### Required work
Where does the word "symmetric" show up in the data? Please find each such line and copy it.

[Start of Attachment]

lemma V3_quantity_le_if_split_lipschitz_bound:
  assumes "0 \<le> \<tau>"
    and "\<And>\<phi>. split_lipschitz_test \<tau> \<phi> \<Longrightarrow> integral\<^sup>L V1 \<phi> - integral\<^sup>L V2 \<phi> \<le> c"
  shows "V3_quantity \<tau> V1 V2 \<le> c"
  unfolding V3_quantity_def
  using assms(2)[OF split_lipschitz_test_free_flight[OF _ assms(1)]] by (intro Sup_BL_unit_le) simp

lemma integral_diff_le_transport_cost:
  assumes p: "p \<in> transport_plans U1 U2" and \<phi>: "split_lipschitz_test \<tau> \<phi>" and \<tau>: "0 \<le> \<tau>"
  shows "ennreal (integral\<^sup>L U1 \<phi> - integral\<^sup>L U2 \<phi>)
     \<le> (\<integral>\<^sup>+ z. ennreal (dist (fst (fst z)) (fst (snd z))) \<partial>p)
        + ennreal \<tau> * (\<integral>\<^sup>+ z. ennreal (dist (snd (fst z)) (snd (snd z))) \<partial>p)"
proof -
  have pM: "p \<in> Mplus" and marg: "distr p borel fst = U1" "distr p borel snd = U2"
    using p unfolding transport_plans_def by auto
  have \<phi>m: "\<phi> \<in> borel_measurable borel" and \<phi>b: "\<And>z. \<bar>\<phi> z\<bar> \<le> 1"
    and lip: "\<And>x v y w. \<phi> (x, v) - \<phi> (y, w) \<le> dist x y + \<tau> * dist v w"
    using \<phi> unfolding split_lipschitz_test_def by auto
  define g where "g z = \<phi> (fst z) - \<phi> (snd z)" for z
  have m: "(\<lambda>z. \<phi> (fst z)) \<in> borel_measurable borel" "(\<lambda>z. \<phi> (snd z)) \<in> borel_measurable borel"
    by (rule measurable_compose[OF borel_measurable_continuous_onI \<phi>m], intro continuous_intros)+
  have int: "integrable p (\<lambda>z. \<phi> (fst z))" "integrable p (\<lambda>z. \<phi> (snd z))"
    using \<phi>b by (auto intro!: integrable_Mplus_bounded[OF pM _, of _ 1] m)
  have "integral\<^sup>L U1 \<phi> - integral\<^sup>L U2 \<phi> = integral\<^sup>L p g"
    using int \<phi>m pM unfolding g_def marg[symmetric]
    by (simp add: integral_distr continuous_borel_measurable_Mplus continuous_on_fst continuous_on_snd)
  also have "\<dots> \<le> integral\<^sup>L p (\<lambda>z. max (g z) 0)"
    using int unfolding g_def by (intro integral_mono) auto
  finally have "ennreal (integral\<^sup>L U1 \<phi> - integral\<^sup>L U2 \<phi>) \<le> \<integral>\<^sup>+ z. ennreal (max (g z) 0) \<partial>p"
    using int unfolding g_def by (subst nn_integral_eq_integral) (auto intro!: ennreal_leI)
  also have "\<dots> \<le> \<integral>\<^sup>+ z. ennreal (dist (fst (fst z)) (fst (snd z)))
      + ennreal \<tau> * ennreal (dist (snd (fst z)) (snd (snd z))) \<partial>p"
  proof (rule nn_integral_mono)
    fix z :: "('a \<times> 'a) \<times> ('a \<times> 'a)"
    obtain x v y w where z: "z = ((x, v), (y, w))" by (metis prod.collapse)
    have "max (g z) 0 \<le> dist x y + \<tau> * dist v w"
      using lip[of x v y w] \<tau> unfolding g_def z by simp
    then show "ennreal (max (g z) 0) \<le> ennreal (dist (fst (fst z)) (fst (snd z)))
        + ennreal \<tau> * ennreal (dist (snd (fst z)) (snd (snd z)))"
      unfolding z using \<tau> by (simp add: ennreal_plus[symmetric] ennreal_mult[symmetric] ennreal_leI del: ennreal_plus)
  qed
  also have "\<dots> = (\<integral>\<^sup>+ z. ennreal (dist (fst (fst z)) (fst (snd z))) \<partial>p)
        + ennreal \<tau> * (\<integral>\<^sup>+ z. ennreal (dist (snd (fst z)) (snd (snd z))) \<partial>p)"
  proof -
    have "(\<lambda>z. dist (fst (fst z)) (fst (snd z))) \<in> borel_measurable p"
      "(\<lambda>z. dist (snd (fst z)) (snd (snd z))) \<in> borel_measurable p"
      using pM by (auto intro!: continuous_borel_measurable_Mplus continuous_intros)
    then show ?thesis by (subst nn_integral_add) (auto simp: nn_integral_cmult)
  qed
  finally show ?thesis .
qed
lemma D1_to_sym_in_symmetrized_bidisc:
  assumes "w \<in> domain_D1"
  shows "D1_to_sym w \<in> symmetrized_bidisc"
proof -
  obtain s p where sp: "D1_to_sym w = (s, p)" by fastforce
  have "p \<noteq> 1"
  proof
    assume "p = 1"
    with sp domain_D1_fst_ne[OF assms] show False
      by (simp add: D1_to_sym_def)
  qed
  obtain z1 z2 where z: "s = z1 + z2" "p = z1 * z2"
    using sum_product_decomposition by blast
  have "sym_to_D1 (z1 + z2, z1 * z2) = w"
    using sym_to_D1_D1_to_sym[OF domain_D1_fst_ne[OF assms]] by (simp add: sp z)
  with assms \<open>p \<noteq> 1\<close> have "cmod z1 < 1 \<and> cmod z2 < 1"
    using sym_to_D1_in_D1_iff z(2) by auto
  then show ?thesis by (auto simp: sp z symmetrized_bidisc_def)
qed

lemma holomorphic2_on_sym_to_D1: "holomorphic2_on sym_to_D1 symmetrized_bidisc"
  unfolding sym_to_D1_def[abs_def]
  by (rule holomorphic2_on_Pair)
    (auto dest: symmetrized_bidisc_snd_ne_1 intro!: complex_differentiable2_intros)

lemma holomorphic2_on_D1_to_sym: "holomorphic2_on D1_to_sym domain_D1"
  unfolding D1_to_sym_def[abs_def]
  by (rule holomorphic2_on_Pair)
    (auto dest: domain_D1_fst_ne intro!: complex_differentiable2_intros)

theorem theorem3p2:
  shows "biholomorphic2 symmetrized_bidisc domain_D1"
  by (rule biholomorphic2I[OF holomorphic2_on_sym_to_D1 holomorphic2_on_D1_to_sym
        sym_to_D1_in_D1 D1_to_sym_in_symmetrized_bidisc])
    (auto intro: D1_to_sym_sym_to_D1 sym_to_D1_D1_to_sym
      dest: symmetrized_bidisc_snd_ne_1 domain_D1_fst_ne)
lemma std_gauss_affine_expectation_diff_le:
  fixes \<sigma> :: "real^'n^'n" and f :: "real^'n \<Rightarrow> real"
  assumes "invertible \<sigma>" and "\<eta> > 0"
    and [measurable]: "f \<in> borel_measurable borel" and bound: "\<forall>y. \<bar>f y\<bar> \<le> B"
  shows "\<bar>(\<integral>z. f (a + sqrt \<eta> *\<^sub>R (\<sigma> *v z)) \<partial>std_gauss) - (\<integral>z. f (b + sqrt \<eta> *\<^sub>R (\<sigma> *v z)) \<partial>std_gauss)\<bar>
    \<le> B * sqrt (real CARD('n)) * opnorm (matrix_inv \<sigma>) * norm (a - b) / sqrt \<eta>"
proof -
  define F where "F z = f (b + sqrt \<eta> *\<^sub>R (\<sigma> *v z))" for z
  define d where "d = (1 / sqrt \<eta>) *\<^sub>R (matrix_inv \<sigma> *v (a - b))"
  have B: "0 \<le> B"
    using order_trans[OF abs_ge_zero bound[rule_format]] .
  have "sqrt \<eta> *\<^sub>R (\<sigma> *v d) = a - b"
    using \<open>\<eta> > 0\<close>
    by (simp add: d_def matrix_vector_mult_scaleR matrix_vector_mul_assoc matrix_inv_right[OF assms(1)])
  then have shift: "f (a + sqrt \<eta> *\<^sub>R (\<sigma> *v z)) = F (z + d)" for z
    by (simp add: F_def matrix_vector_right_distrib scaleR_add_right add.commute)
  have "\<bar>(\<integral>z. f (a + sqrt \<eta> *\<^sub>R (\<sigma> *v z)) \<partial>std_gauss) - (\<integral>z. f (b + sqrt \<eta> *\<^sub>R (\<sigma> *v z)) \<partial>std_gauss)\<bar>
      = \<bar>(\<integral>z. F (z + d) \<partial>std_gauss) - (\<integral>z. F z \<partial>std_gauss)\<bar>"
    by (simp add: shift F_def)
  also have "\<dots> \<le> B * sqrt (real CARD('n)) * norm d"
    by (rule std_gauss_shift_expectation_diff_le) (auto simp: F_def bound)
  also have "norm d \<le> opnorm (matrix_inv \<sigma>) * norm (a - b) / sqrt \<eta>"
    using \<open>\<eta> > 0\<close> norm_matrix_vector_mult_le_opnorm[of "matrix_inv \<sigma>" "a - b"]
    by (simp add: d_def divide_right_mono)
  finally show ?thesis
    using B by (simp add: mult_left_mono mult.assoc)
qed
(* Let $J\ge 2$ be an integer, $\tau_j=2^j$, and for $(\alpha,\beta)\in(0,\infty)\times(0,\pi]$ define $\nu_j(\alpha,\beta)=\dfrac{\alpha^2\{1-\cos(\beta\tau_j/2)\}^2}{\tau_j^2\{1-\cos\beta\}}$ for $j=1,\dots,J$. Then the map $(\alpha,\beta)\mapsto[\nu_j(\alpha,\beta)]_{j=1,\dots,J}$ is injective on $(0,\infty)\times(0,\pi]$: if $\nu_j(\alpha_1,\beta_1)=\nu_j(\alpha_2,\beta_2)$ for all $j=1,\dots,J$, then $(\alpha_1,\beta_1)=(\alpha_2,\beta_2)$.
   Context: $\nu_j(\alpha,\beta)$ is the theoretical Haar wavelet variance at level $j$ of the sinusoidal process $S_t=\alpha\sin(\beta t+U)$, $U\sim\mathcal U(0,2\pi)$. *)

theory Defs
  imports Complex_Main
begin

definition tau :: "nat \<Rightarrow> real" where
  "tau j = 2 ^ j"

definition nu :: "nat \<Rightarrow> real \<Rightarrow> real \<Rightarrow> real" where
  "nu j \<alpha> \<beta> = \<alpha>^2 * (1 - cos (\<beta> * tau j / 2))^2 / ((tau j)^2 * (1 - cos \<beta>))"

end

theory Submission
  imports Defs
begin

text \<open>The first two levels already determine the parameters: \<open>\<nu>\<^sub>1 = \<alpha>\<^sup>2(1 - cos \<beta>)/4\<close>
  and \<open>\<nu>\<^sub>2 = \<nu>\<^sub>1 (1 + cos \<beta>)\<^sup>2\<close>. Since \<open>\<nu>\<^sub>1 > 0\<close>, the ratio fixes \<open>cos \<beta>\<close>, which is injective
  on \<open>(0, \<pi>]\<close>; then \<open>\<nu>\<^sub>1\<close> fixes \<open>\<alpha> > 0\<close>.\<close>

lemma nu_one: "nu 1 a b = a\<^sup>2 * (1 - cos b) / 4"
  by (cases "cos b = 1") (simp_all add: nu_def tau_def power2_eq_square field_simps)

lemma nu_two: "nu 2 a b = nu 1 a b * (1 + cos b)\<^sup>2"
proof (cases "cos b = 1")
  case True
  then show ?thesis
    using cos_double_cos[of b] by (simp add: nu_def tau_def mult.commute)
next
  case False
  have half_angle: "1 - cos (b * tau 2 / 2) = 2 * (1 - cos b) * (1 + cos b)"
    using cos_double_cos[of b] by (simp add: tau_def mult.commute algebra_simps power2_eq_square)
  have "nu 2 a b = a\<^sup>2 * (2 * (1 - cos b) * (1 + cos b))\<^sup>2 / (16 * (1 - cos b))"
    unfolding nu_def half_angle by (simp add: tau_def)
  also have "\<dots> = a\<^sup>2 * (1 - cos b) / 4 * (1 + cos b)\<^sup>2"
    using False by (simp add: power2_eq_square field_simps)
  finally show ?thesis
    unfolding nu_one .
qed

lemma cos_lt_one_0_pi:
  assumes "0 < b" "b \<le> pi"
  shows "cos b < 1"
  using cos_monotone_0_pi[of 0 b] assms by simp

lemma nu_one_pos:
  assumes "a \<noteq> 0" "0 < b" "b \<le> pi"
  shows "nu 1 a b > 0"
  unfolding nu_one using cos_lt_one_0_pi[OF assms(2,3)] assms(1) by simp

theorem lemma2:
  fixes J :: nat and \<alpha>1 \<beta>1 \<alpha>2 \<beta>2 :: real
  assumes "J \<ge> 2"
    and "\<alpha>1 > 0" and "0 < \<beta>1" and "\<beta>1 \<le> pi"
    and "\<alpha>2 > 0" and "0 < \<beta>2" and "\<beta>2 \<le> pi"
    and "\<forall>j\<in>{1..J}. nu j \<alpha>1 \<beta>1 = nu j \<alpha>2 \<beta>2"
  shows "(\<alpha>1, \<beta>1) = (\<alpha>2, \<beta>2)"
proof -
  have level1: "nu 1 \<alpha>1 \<beta>1 = nu 1 \<alpha>2 \<beta>2" and level2: "nu 2 \<alpha>1 \<beta>1 = nu 2 \<alpha>2 \<beta>2"
    using assms(1,8) by auto
  have "nu 1 \<alpha>1 \<beta>1 \<noteq> 0"
    using nu_one_pos[of \<alpha>1 \<beta>1] assms(2-4) by simp
  then have "(1 + cos \<beta>1)\<^sup>2 = (1 + cos \<beta>2)\<^sup>2"
    using level1 level2 by (simp add: nu_two)
  then have "cos \<beta>1 = cos \<beta>2"
    using cos_ge_minus_one[of \<beta>1] cos_ge_minus_one[of \<beta>2] by (simp add: power2_eq_iff_nonneg)
  then have \<beta>: "\<beta>1 = \<beta>2"
    using cos_inj_pi assms(3,4,6,7) by (meson less_imp_le)
  then have "\<alpha>1\<^sup>2 = \<alpha>2\<^sup>2"
    using level1 cos_lt_one_0_pi[OF assms(3,4)] unfolding nu_one by simp
  then have "\<alpha>1 = \<alpha>2"
    using assms(2,5) by (simp add: power2_eq_iff_nonneg)
  with \<beta> show ?thesis by simp
qed

end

[End of Attachment]

### The completed task
    using int \<phi>m pM unfolding g_def marg[symmetric]
      unfolding z using \<tau> by (simp add: ennreal_plus[symmetric] ennreal_mult[symmetric] ennreal_leI del: ennreal_plus)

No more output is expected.